Phantasmagoric Organisms
Annihilation
‘I thought I was a man’ says Kane to his doppelgänger. He speaks from the epicentre of a mysterious zone of transformation called ‘the shimmer’ that has erupted from the site of a meteorite impact. It would be quite understandable if Kane was speaking of an identity crisis brought on by his extraordinary experiences inside the shimmer, but perhaps it is something more mundane: the emasculation he feels as a result of discovering his wife’s affair with another man. Annihilation (Alex Garland, 2018) is a study of the human soul in distress. Kane returns from the shimmer to be reunited with his wife, but he is somehow transformed by his time in the zone.
Kane’s wife, Lena, is taken to the shimmer and she joins the next expeditionary party to go inside it. She brings the guilt of an adulteress and the other party members bring their grief, paranoia, anxiety, and hopelessness. The party considers why most of the previous expeditions have disappeared without trace.

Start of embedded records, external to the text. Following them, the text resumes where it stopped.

(* Let $k \to B \xrightarrow{i} A \xrightarrow{p} H \to k$ be an exact sequence of Hopf algebras and let $M$ be a projective left $A$-module. Then $\mathrm{Tor}^H_n(k_\varepsilon, M/B^+M) = 0$ for all $n\ge 1$, where $M/B^+M\simeq\mathrm{Tor}^B_0(k_\varepsilon,M)$ is a left $H$-module via $p(a)\cdot\pi_M(m) = \pi_M(am)$ ($\pi_M: M\to M/B^+M$ the projection).
   Context: Exact sequence of Hopf algebras: $i$ injective, $p$ surjective, $\ker(p) = i(B)^+A = A\,i(B)^+$ (with $B^+=\ker\varepsilon$), and $i(B) = \{a : a_{(1)}\otimes p(a_{(2)})=a\otimes 1\} = \{a : p(a_{(1)})\otimes a_{(2)} = 1\otimes a\}$; $B$ identified with $i(B)$. $k_\varepsilon$ is $k$ with trivial right action via the counit. *)

theory Defs
  imports Main
begin

section \<open>Vector spaces, algebras, Hopf algebras over a field 'k (carrier = whole type)\<close>

record ('k, 'a) kvs =
  vadd   :: "'a \<Rightarrow> 'a \<Rightarrow> 'a"
  vzero  :: "'a"
  vsmult :: "'k \<Rightarrow> 'a \<Rightarrow> 'a"

record ('k, 'a) kalg = "('k, 'a) kvs" +
  amult :: "'a \<Rightarrow> 'a \<Rightarrow> 'a"
  aone  :: "'a"

text \<open>Comultiplication takes values in A (x) A; an element of A (x) A is represented by a
  finite list of pairs (a representative sum of simple tensors).  Two such representatives
  denote the same tensor iff they agree on all products of linear functionals
  (for vector spaces over a field the canonical map A (x) A' -> (A* x A'*)-bilinear forms is
  injective), so all axioms involving tensors are stated through such evaluations.\<close>

record ('k, 'a) hopf = "('k, 'a) kalg" +
  comul    :: "'a \<Rightarrow> ('a \<times> 'a) list"
  counit   :: "'a \<Rightarrow> 'k"
  antipode :: "'a \<Rightarrow> 'a"

definition vsum :: "('k, 'a, 'z) kvs_scheme \<Rightarrow> 'a list \<Rightarrow> 'a" where
  "vsum V xs = foldr (vadd V) xs (vzero V)"

definition vector_space :: "('k::field, 'a, 'z) kvs_scheme \<Rightarrow> bool" where
  "vector_space V \<longleftrightarrow>
     (\<forall>x y z. vadd V (vadd V x y) z = vadd V x (vadd V y z)) \<and>
     (\<forall>x y. vadd V x y = vadd V y x) \<and>
     (\<forall>x. vadd V x (vzero V) = x) \<and>
     (\<forall>x. vadd V x (vsmult V (-1) x) = vzero V) \<and>
     (\<forall>c x y. vsmult V c (vadd V x y) = vadd V (vsmult V c x) (vsmult V c y)) \<and>
     (\<forall>c d x. vsmult V (c + d) x = vadd V (vsmult V c x) (vsmult V d x)) \<and>
     (\<forall>c d x. vsmult V (c * d) x = vsmult V c (vsmult V d x)) \<and>
     (\<forall>x. vsmult V 1 x = x)"

definition lin_fun :: "('k::field, 'a, 'z) kvs_scheme \<Rightarrow> ('a \<Rightarrow> 'k) \<Rightarrow> bool" where
  "lin_fun V \<phi> \<longleftrightarrow> (\<forall>x y. \<phi> (vadd V x y) = \<phi> x + \<phi> y) \<and> (\<forall>c x. \<phi> (vsmult V c x) = c * \<phi> x)"

definition lin_map :: "('k::field, 'a, 'z) kvs_scheme \<Rightarrow> ('k, 'b, 'w) kvs_scheme \<Rightarrow> ('a \<Rightarrow> 'b) \<Rightarrow> bool" where
  "lin_map V W f \<longleftrightarrow> (\<forall>x y. f (vadd V x y) = vadd W (f x) (f y)) \<and>
                       (\<forall>c x. f (vsmult V c x) = vsmult W c (f x))"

They theorise that some unknown influence within the shimmer is killing those who enter or causing them to kill one another once inside. The maladjustment of the party members reveals that the normal world outside the shimmer is also a zone that destroys minds and bodies, only more slowly and in ways that we do not consider extraordinary.
Inside the shimmer the air is iridescent, flowers bloom impossibly and funguses grow in riots of pastel colour. Lena calls this behaviour a pathology; a deviation from the norm to be rejected and feared. It will affect the party too if they stay in the zone for long enough. Aggressive random mutation is rarely a welcome development at the cellular level, but at the emotional level the zone attracts those in need of transformation. Its phantasmagoric organisms are the spasms of a great impetus to change. The shimmer remakes, or at least fully and finally unmakes.
The shimmer’s mutant wildlife picks off the party one by one. Ego strength appears to be the factor that determines whether these annihilations are sublime or traumatic. Radek is ready to surrender; she sees an opportunity to be released from her disorder, and she fears being reduced only to the part of herself that suffers much more than she fears losing her identity. Ventress is terminally ill, resigned to the imminence of non-being and clearly prepared to die for an answer to the question that has beaten her blunt. Lena maintains an attitude of egocentric opposition to the shimmer – and yet she follows Ventress deeper into the zone.
At the epicentre of the zone she finds a lighthouse that was hit by the falling meteorite. The beach outside is alive with a prismatic glow and the land approaching the coast is burgeoning with the shimmer’s bizarre works. Inside the lighthouse Lena discovers the source of the phenomena, an alien entity that duplicates and devours everything with which it comes into contact. It seems to act automatically without intelligent purpose. Staring into its slithering hollow core is like witnessing the birth of a miniature galaxy.
The entity offers a gift to Lena: her new self. Her doppelgänger is Lena minus the pain of being human and the knowledge of having made terrible mistakes. The doppelgänger could return home in her place, if she wanted it to. Lena realises the true nature of Kane’s transformation: her husband came to the lighthouse and accepted the gift offered to him. He annihilated himself there. All she need do to be healed is accept this grace and destroy her old self, as did Kane when he burned away the pain of his wife’s adultery in the fire of a phosphorous grenade.
Lena rejects her doppelgänger. She immolates the entity and flees the lighthouse. Kane’s annihilation has deprived her of the catharsis she had hoped to achieve by confessing to him and begging forgiveness. Even for him to reject her would be conclusive. Instead she is stranded with her emotional baggage and an ego too strong to accept death even as it yearns for closure. Lena returns to the normal world to be reunited with the thing that is not Kane, not the man she has betrayed. As she embraces not-Kane, Lena’s eyes become iridescent. She carries a splinter of the shimmer inside her, but not enough to remake her. Not-Kane asks if she is Lena. For her sins, she is.